Aim of the task: Read the data below line by line and state how many lines hold "injective". Nothing else belongs in the answer.

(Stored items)
========

lemma reflection_system_eq_rs_form:
  assumes "n > 0" "reflection_system (Dic n) L"
  obtains a b :: nat and s :: int where "a dvd n" "b dvd n" "L = rs_form n (int a) s (int b)"
proof -
  obtain s where "rotj n s \<in> L"
    using reflection_system_contains_rotj[OF assms] ..
  moreover have L_sub: "L \<subseteq> dic_elems n" and "1 \<in> L"
    and closed: "\<And>x y. x \<in> L \<Longrightarrow> y \<in> L \<Longrightarrow> qcirc x y \<in> L"
    using assms(2) unfolding reflection_system_def Dic_eq_dic_elems[OF assms(1)] by auto
  ultimately obtain a b where "a > 0" "b > 0" "a dvd int n" "b dvd int n"
    and rot_iff: "\<And>k. rot n k \<in> L \<longleftrightarrow> a dvd k"
    and rotj_iff: "\<And>k. rotj n (s + k) \<in> L \<longleftrightarrow> b dvd k"
    using qcirc_closed_exponents_eq_multiples[OF assms(1)] by metis
  have "L = rs_form n a s b"
  proof (intro equalityI subsetI)
    fix x
    assume "x \<in> L"
    with L_sub obtain k where "x = rot n k \<or> x = rotj n (s + (k - s))"
      by (auto simp: dic_elems_def)
    then show "x \<in> rs_form n a s b"
    proof
      assume "x = rot n k"
      with \<open>x \<in> L\<close> obtain j where "k = j * a"
        using rot_iff by (metis dvdE mult.commute)
      with \<open>x = rot n k\<close> show ?thesis
        by (simp add: rot_in_rs_form)
    next
      assume "x = rotj n (s + (k - s))"
      with \<open>x \<in> L\<close> obtain j where "k - s = j * b"
        using rotj_iff by (metis dvdE mult.commute)
      with \<open>x = rotj n (s + (k - s))\<close> show ?thesis
        by (simp add: rotj_in_rs_form)
    qed
  next
    fix x
    assume "x \<in> rs_form n a s b"
    with rot_iff rotj_iff show "x \<in> L"
      by (auto simp: rs_form_def)
  qed
  moreover have "a = int (nat a)" "b = int (nat b)"
    using \<open>a > 0\<close> \<open>b > 0\<close> by simp_all
  ultimately show thesis
    using that[of "nat a" "nat b" s] \<open>a dvd int n\<close> \<open>b dvd int n\<close> by (metis of_nat_dvd_iff)
qed

lemma reflection_system_equivalent_Lab:
  assumes "n > 0" "reflection_system (Dic n) L"
  shows "\<exists>(a, b) \<in> Omega n. rs_equivalent (Dic n) L (Lab n a b)"
proof -
  obtain a b s where ab: "a dvd n" "b dvd n" and L: "L = rs_form n (int a) s (int b)"
    using reflection_system_eq_rs_form[OF assms] .
  have "coprime a b"
    using assms(2) qgen_rs_form_eq_dic_elems_iff[OF assms(1), of "int a" s "int b"] ab(1)
    unfolding L reflection_system_def Dic_eq_dic_elems[OF assms(1)] by simp
  have in_Omega: "(x, y) \<in> Omega n"
    if "x \<le> y" "x dvd n" "y dvd n" "coprime x y" for x y
    using that assms(1) unfolding Omega_def by (auto intro: dvd_imp_le Suc_leI gr0I)
  show ?thesis
  proof (cases "a \<le> b")
    case True
    then have "(a, b) \<in> Omega n"
      using in_Omega ab \<open>coprime a b\<close> by blast
    moreover have "rs_equivalent (Dic n) L (Lab n a b)"
      unfolding L Lab_eq_rs_form[OF assms(1) ab] by (rule rs_equivalent_rs_form_shift[OF assms(1)])
    ultimately show ?thesis by blast
  next
    case False
    then have "(b, a) \<in> Omega n"
      using in_Omega ab \<open>coprime a b\<close> by (simp add: coprime_commute)
    moreover have "rs_equivalent (Dic n) L (Lab n b a)"
      unfolding L Lab_eq_rs_form[OF assms(1) ab(2,1)]
      using ab(2) by (intro rs_equivalent_rs_form_swap[OF assms(1)]) simp
    ultimately show ?thesis by blast
  qed
qed
(* An isomorphism F_k(H) -> F_k(G) is induced if it is iota g, or iota g followed by
   complementation, for an isomorphism g : H -> G; statement 3 says that every isomorphism is
   induced.

   Precomposing with iota of a fixed isomorphism H -> G shows that statement 3 holds for (H, G)
   iff it holds for (G, G). For H = G it is unique reconstructibility, since two reconstructions
   phi, psi differ by the automorphism psi o phi^-1 of F_k(G). The maps s |-> iota s, and
   (s, i) |-> c^i o iota s when n = 2k, are injective homomorphisms from Aut G, resp. Aut G x Z_2,
   into the finite group Aut F_k(G); so an abstract isomorphism exists iff the map is onto, i.e.
   iff every automorphism is induced (for n <> 2k complementation does not preserve k-sets).

   For statement 4, call u flipped when psi maps kappa_H(u) onto kappa_bar_G(f u); then f u lies
   in psi A iff membership of u in A differs from flipping u. Comparing a k-set separating u and v
   with one containing both or neither (this needs n >= 3) shows that f is injective, hence
   bijective; and flipping is constant, since swapping an unflipped vertex of A for a flipped one
   outside A would make psi A two elements smaller. So psi A is f A or its complement, and f is a
   graph isomorphism because adjacency of token sets means that their symmetric difference is an
   edge. *)

section \<open>Graph isomorphisms\<close>

lemma compose_restrict_id: "f \<in> extensional A \<Longrightarrow> compose A f (\<lambda>x \<in> A. x) = f"
  by (auto simp: compose_def extensional_def)
(* For every $n\geq0$, the dimension of the $n$th graded component of the quotient $\mathbf{ASM}/\mathcal{I}_{\operatorname{nw}}$ is $\binom{n}{2}+1$.
   Context: An ASM of size $n$ is an $n\times n$ matrix over $\{0,1,-1\}$ whose nonzero entries in every row and column alternate in sign, starting and ending with $+1$. For an ASM $\delta$, $\operatorname{nw}(\delta)$ is the number of positions $(i,j)$ with $\delta_{ij}=0$, $\sum_{i'<i}\delta_{i'j}=0$ and $\sum_{j'<j}\delta_{ij'}=1$ (the number of vertices of type nw in the associated six-vertex configuration with domain wall boundary conditions). $\mathbf{ASM}$ is the graded vector space (over $\mathbb{K}$ of characteristic zero) with basis $(\mathbf{F}_{M^\delta})$ indexed by ASMs, graded by size. $\mathcal{I}_{\operatorname{nw}}$ is the subspace spanned by all $\mathbf{F}_{M^{\delta_1}}-\mathbf{F}_{M^{\delta_2}}$ with $\delta_1,\delta_2$ ASMs of the same size satisfying $\operatorname{nw}(\delta_1)=\operatorname{nw}(\delta_2)$; the quotient is graded by size. *)

theory Defs
  imports Complex_Main "HOL-Library.Function_Algebras"
begin

text \<open>A matrix of size n is represented as a function nat => nat => int, with the
  convention that entries outside the index range i, j < n are 0.\<close>
type_synonym mat = "nat \<Rightarrow> nat \<Rightarrow> int"
(* Let $S_0$ be the initial state of a $d$-dimensional Hegselmann–Krause system with social network $G=(V,E)$, $n=|V|$ agents and confidence bound $\varepsilon>0$, evolving under uniform random asynchronous updates, and let $\delta>0$. Then the expected convergence time to a $\delta$-stable state is $\operatorname{O}(\Phi(S_0)\, n|E|/\delta^2)$, and this is at most $\operatorname{O}\big(n|E|^2(\varepsilon/\delta)^2\big)$.
   Context: A $d$-dimensional Hegselmann–Krause system (HKS) consists of a finite undirected graph $G=(V,E)$ (the social network) whose $n=|V|$ nodes are agents, a confidence bound $\varepsilon>0$, and initial opinions (positions) $x_v(0)\in\mathbb{R}^d$ for $v\in V$. A state is an assignment of positions $x_v\in\mathbb{R}^d$ to the agents. In a state, the influencing neighborhood of $v$ is $N_v=\{u\in V:\{u,v\}\in E,\ \|x_u-x_v\|_2\le\varepsilon\}\cup\{v\}$. The influence network is the graph $(V,E_I)$ with $E_I=\{\{u,v\}\in E:\|x_u-x_v\|_2\le\varepsilon\}$, and the length of an edge $\{u,v\}$ is $\|x_u-x_v\|_2$. Uniform random asynchronous updates: at each step $t=0,1,2,\dots$ one agent $v$ is chosen uniformly at random (independently of the past) and its position becomes $x_v(t+1)=\frac{1}{|N_v(t)|}\sum_{u\in N_v(t)}x_u(t)$, while all other agents keep their positions. A state is $\delta$-stable if every edge of the influence network has length at most $\delta$. The convergence time is the number of steps until a $\delta$-stable state is reached for the first time. The potential of a state $S$ is $\Phi(S)=\sum_{\{u,v\}\in E}\min\{\|x_u-x_v\|_2^2,\varepsilon^2\}$. The constants in the $\operatorname{O}$-notation are absolute (independent of $G$, $d$, $\varepsilon$, $\delta$ and the initial state). *)

theory Defs
  imports "HOL-Probability.Probability"
begin

text \<open>Agents are the naturals 0..n-1; a position in R^d is a function nat => real
  of which only coordinates 0..d-1 matter; a state maps agents to positions.
  The social network is a set E of 2-element sets of agents.\<close>

definition edist :: "nat \<Rightarrow> (nat \<Rightarrow> real) \<Rightarrow> (nat \<Rightarrow> real) \<Rightarrow> real" where
  "edist d a b = sqrt (\<Sum>k<d. (a k - b k)^2)"

definition simple_graph :: "nat \<Rightarrow> nat set set \<Rightarrow> bool" where
  "simple_graph n E \<longleftrightarrow> E \<subseteq> {{u, v} | u v. u < n \<and> v < n \<and> u \<noteq> v}"

definition infl_nbhd :: "nat \<Rightarrow> nat set set \<Rightarrow> real \<Rightarrow> (nat \<Rightarrow> nat \<Rightarrow> real) \<Rightarrow> nat \<Rightarrow> nat set" where
  "infl_nbhd d E \<epsilon> x v = {u. {u, v} \<in> E \<and> edist d (x u) (x v) \<le> \<epsilon>} \<union> {v}"

definition hk_update :: "nat \<Rightarrow> nat set set \<Rightarrow> real \<Rightarrow> (nat \<Rightarrow> nat \<Rightarrow> real) \<Rightarrow> nat \<Rightarrow> (nat \<Rightarrow> nat \<Rightarrow> real)" where
  "hk_update d E \<epsilon> x v =
     x(v := (\<lambda>k. (\<Sum>u\<in>infl_nbhd d E \<epsilon> x v. x u k) / real (card (infl_nbhd d E \<epsilon> x v))))"
lemma sum_mult_le_if_support_minimises:
  fixes f g C :: "'a \<Rightarrow> real"
  assumes "finite P" "\<forall>p\<in>P. 0 \<le> f p" "\<forall>p\<in>P. 0 \<le> g p" "sum f P = sum g P"
    and minimal: "\<forall>p\<in>P. 0 < f p \<longrightarrow> (\<forall>q\<in>P. C p \<le> C q)"
  shows "(\<Sum>p\<in>P. f p * C p) \<le> (\<Sum>p\<in>P. g p * C p)"
proof (cases "\<exists>p0\<in>P. 0 < f p0")
  case True
  then obtain p0 where p0: "p0 \<in> P" "0 < f p0" by blast
  have "(\<Sum>p\<in>P. f p * C p) = (\<Sum>p\<in>P. f p * C p0)"
  proof (rule sum.cong[OF refl])
    fix p assume "p \<in> P"
    then show "f p * C p = f p * C p0"
      using minimal p0 assms(2) by (cases "0 < f p") (auto intro: order.antisym)
  qed
  also have "\<dots> = (\<Sum>p\<in>P. g p * C p0)"
    using assms(4) by (simp add: sum_distrib_right[symmetric])
  also have "\<dots> \<le> (\<Sum>p\<in>P. g p * C p)"
    using minimal p0 assms(3) by (intro sum_mono mult_left_mono) auto
  finally show ?thesis .
next
  case False
  then have "sum g P = 0"
    using assms(2,4) by (metis antisym_conv2 sum.neutral)
  then have "\<forall>p\<in>P. g p = 0"
    using assms(1,3) sum_nonneg_eq_0_iff by blast
  then show ?thesis
    using False assms(2) by (simp add: antisym_conv2)
qed

lemma paths_subset_edges: "p \<in> paths E src trg s d \<Longrightarrow> set p \<subseteq> E"
  unfolding paths_def simple_path_def by blast

lemma finite_paths:
  assumes "finite E"
  shows "finite (paths E src trg s d)"
proof -
  have "paths E src trg s d \<subseteq> {p. set p \<subseteq> E \<and> length p \<le> card E}"
  proof
    fix p assume p: "p \<in> paths E src trg s d"
    then have "distinct p"
      unfolding paths_def simple_path_def path_verts_def by (auto simp: distinct_map)
    then have "length p = card (set p)" by (simp add: distinct_card)
    also have "\<dots> \<le> card E" using p assms by (intro card_mono paths_subset_edges)
    finally show "p \<in> {p. set p \<subseteq> E \<and> length p \<le> card E}"
      using paths_subset_edges[OF p] by simp
  qed
  then show ?thesis using finite_lists_length_le[OF assms] finite_subset by blast
qed
lemma W2inf_continuous_on:
  assumes "W2inf x x'"
  shows "continuous_on {0..1} x" "continuous_on {0..1} x'"
proof -
  obtain L where L: "\<forall>s\<in>{0..1}. \<forall>t\<in>{0..1}. \<bar>x' s - x' t\<bar> \<le> L * \<bar>s - t\<bar>"
    and der: "\<forall>t\<in>{0..1}. (x has_real_derivative x' t) (at t within {0..1})"
    using assms unfolding W2inf_def by blast
  show "continuous_on {0..1} x" using der by (intro DERIV_continuous_on) auto
  have "(max L 0)-lipschitz_on {0..1} x'"
    unfolding lipschitz_on_def dist_real_def
  proof (intro conjI ballI)
    fix s t :: real assume "s \<in> {0..1}" "t \<in> {0..1}"
    then have "\<bar>x' s - x' t\<bar> \<le> L * \<bar>s - t\<bar>" using L by blast
    also have "\<dots> \<le> max L 0 * \<bar>s - t\<bar>" by (intro mult_right_mono) auto
    finally show "\<bar>x' s - x' t\<bar> \<le> max L 0 * \<bar>s - t\<bar>" .
  qed auto
  then show "continuous_on {0..1} x'" by (rule lipschitz_on_continuous_on)
qed

lemma abs_le_SUP_continuous_on:
  fixes f :: "real \<Rightarrow> real"
  assumes "continuous_on {a..b} f" "t \<in> {a..b}"
  shows "\<bar>f t\<bar> \<le> (SUP u\<in>{a..b}. \<bar>f u\<bar>)"
proof -
  have "compact ((\<lambda>u. \<bar>f u\<bar>) ` {a..b})"
    using assms(1) by (intro compact_continuous_image continuous_intros) auto
  then show ?thesis
    using assms(2) by (intro cSUP_upper bounded_imp_bdd_above compact_imp_bounded)
qed

lemma W2inf_abs_le_C1norm:
  assumes "W2inf x x'" "t \<in> {0..1}"
  shows "\<bar>x t\<bar> \<le> C1norm x x'" "\<bar>x' t\<bar> \<le> C1norm x x'"
  using abs_le_SUP_continuous_on[OF W2inf_continuous_on(1)[OF assms(1)] assms(2)]
    abs_le_SUP_continuous_on[OF W2inf_continuous_on(2)[OF assms(1)] assms(2)]
  unfolding C1norm_def by linarith+

lemma W2inf_increment_le:
  assumes W: "W2inf x x'" and u: "u \<in> {0..1}"
  shows "\<bar>x u - x 0\<bar> \<le> C1norm x x' * u"
proof -
  have "norm (x u - x 0) \<le> C1norm x x' * norm (u - 0)"
    using W u W2inf_abs_le_C1norm[OF W] unfolding W2inf_def
    by (intro field_differentiable_bound[of "{0..1}" x x']) auto
  then show ?thesis using u by simp
qed

lemma square_le_three_mult_if_near_sqrt:
  fixes s \<delta> :: real
  assumes "0 < \<delta>" "\<delta> \<le> 1" "0 \<le> s" "s \<le> 1" "\<bar>s - sqrt \<delta>\<bar> \<le> \<delta>"
  shows "s\<^sup>2 \<le> 3 * \<delta>"
proof -
  define r where "r = sqrt \<delta>"
  have r: "0 < r" "r\<^sup>2 = \<delta>" using assms(1) by (auto simp: r_def)
  show ?thesis
  proof (cases "r \<le> 0.7")
    case True
    have "s \<le> r * (1 + r)" using assms(5) r by (simp add: r_def algebra_simps power2_eq_square)
    then have "s\<^sup>2 \<le> r\<^sup>2 * (1 + r)\<^sup>2" using assms(3) by (metis power_mono power_mult_distrib)
    also have "\<dots> \<le> r\<^sup>2 * 1.7\<^sup>2"
      using True r by (intro mult_left_mono power_mono) auto
    finally have "s\<^sup>2 \<le> \<delta> * 1.7\<^sup>2" using r by simp
    moreover have "\<delta> * 1.7\<^sup>2 \<le> 3 * \<delta>" using assms(1) by (simp add: power2_eq_square)
    ultimately show ?thesis by linarith
  next
    case False
    then have "0.7\<^sup>2 \<le> r\<^sup>2" by (intro power_mono) auto
    then have "0.49 \<le> \<delta>" using r by (simp add: power2_eq_square)
    moreover have "s\<^sup>2 \<le> 1" using assms(3,4) by (simp add: power_le_one)
    ultimately show ?thesis using r by simp
  qed
qed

========

Completed task: 2